Problem
Locate the word "mathrm" in the data below, then copy every line that holds it.
# # # #
(* Let $p$ be a prime, $w\ge 1$ an integer, and let $S\subseteq\mathbb{F}_{p^w}$ with $|S|=s\le p^w-1$. Write $s=s_1p^{w-1}+s_2$ with integers $0\le s_1\le p-1$ and $0\le s_2\le p^{w-1}-1$. For $i=0,\dots,p-1$ let $T_i=\{x\in\mathbb{F}_{p^w}:\mathrm{Tr}(x)=i\}$, let $T^*_{s_1}$ be any subset of $T_{s_1}$ of size $s_2$, and let $S^\star=\left(\bigcup_{i=0}^{s_1-1}T_i\right)\cup T^*_{s_1}$. Then \[ |\omega_p^S|\le|\omega_p^{S^\star}|=\left|s_2\sum_{i=0}^{s_1}\omega_p^i+(p^{w-1}-s_2)\sum_{i=0}^{s_1-1}\omega_p^i\right|\le p^{w-1}\cdot\frac{\sin(\pi s/p^w)}{\sin(\pi/p)}. \]
   Context: $\mathrm{Tr}:\mathbb{F}_{p^w}\to\mathbb{F}_p$ is the field trace, whose values are identified with integers in $\{0,\dots,p-1\}$; $\omega_p=e^{2\pi\mathbf i/p}\in\mathbb{C}$. For $S\subseteq\mathbb{F}_{p^w}$, $\omega_p^S:=\sum_{x\in S}\omega_p^{\mathrm{Tr}(x)}$. *)

theory Defs
  imports Complex_Main "HOL-Computational_Algebra.Primes"
begin

text \<open>The field F_{p^w} is modelled as an arbitrary finite field type of cardinality p^w
 (any two such are isomorphic). Its absolute trace to the prime field is
 Tr(x) = sum_{j<w} x^(p^j); its value lies in the prime field, which we identify with
 {0,...,p-1} via of_nat.\<close>

definition field_trace :: "nat \<Rightarrow> nat \<Rightarrow> 'a::field \<Rightarrow> 'a" where
  "field_trace p w x = (\<Sum>j<w. x ^ (p ^ j))"

definition trace_val :: "nat \<Rightarrow> nat \<Rightarrow> 'a::field \<Rightarrow> nat" where
  "trace_val p w x = (THE k. k < p \<and> of_nat k = field_trace p w x)"

definition omega :: "nat \<Rightarrow> nat \<Rightarrow> complex" where
  "omega p k = cis (2 * pi * real k / real p)"

definition omega_sum :: "nat \<Rightarrow> nat \<Rightarrow> 'a::field set \<Rightarrow> complex" where
  "omega_sum p w S = (\<Sum>x\<in>S. omega p (trace_val p w x))"

definition trace_class :: "nat \<Rightarrow> nat \<Rightarrow> nat \<Rightarrow> 'a::field set" where
  "trace_class p w i = {x. trace_val p w x = i}"

end

theory Submission
  imports Defs "HOL-Computational_Algebra.Polynomial" "HOL-Analysis.Convex"
begin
# # # #
Answer to this problem
(* Let $p$ be a prime, $w\ge 1$ an integer, and let $S\subseteq\mathbb{F}_{p^w}$ with $|S|=s\le p^w-1$. Write $s=s_1p^{w-1}+s_2$ with integers $0\le s_1\le p-1$ and $0\le s_2\le p^{w-1}-1$. For $i=0,\dots,p-1$ let $T_i=\{x\in\mathbb{F}_{p^w}:\mathrm{Tr}(x)=i\}$, let $T^*_{s_1}$ be any subset of $T_{s_1}$ of size $s_2$, and let $S^\star=\left(\bigcup_{i=0}^{s_1-1}T_i\right)\cup T^*_{s_1}$. Then \[ |\omega_p^S|\le|\omega_p^{S^\star}|=\left|s_2\sum_{i=0}^{s_1}\omega_p^i+(p^{w-1}-s_2)\sum_{i=0}^{s_1-1}\omega_p^i\right|\le p^{w-1}\cdot\frac{\sin(\pi s/p^w)}{\sin(\pi/p)}. \]
   Context: $\mathrm{Tr}:\mathbb{F}_{p^w}\to\mathbb{F}_p$ is the field trace, whose values are identified with integers in $\{0,\dots,p-1\}$; $\omega_p=e^{2\pi\mathbf i/p}\in\mathbb{C}$. For $S\subseteq\mathbb{F}_{p^w}$, $\omega_p^S:=\sum_{x\in S}\omega_p^{\mathrm{Tr}(x)}$. *)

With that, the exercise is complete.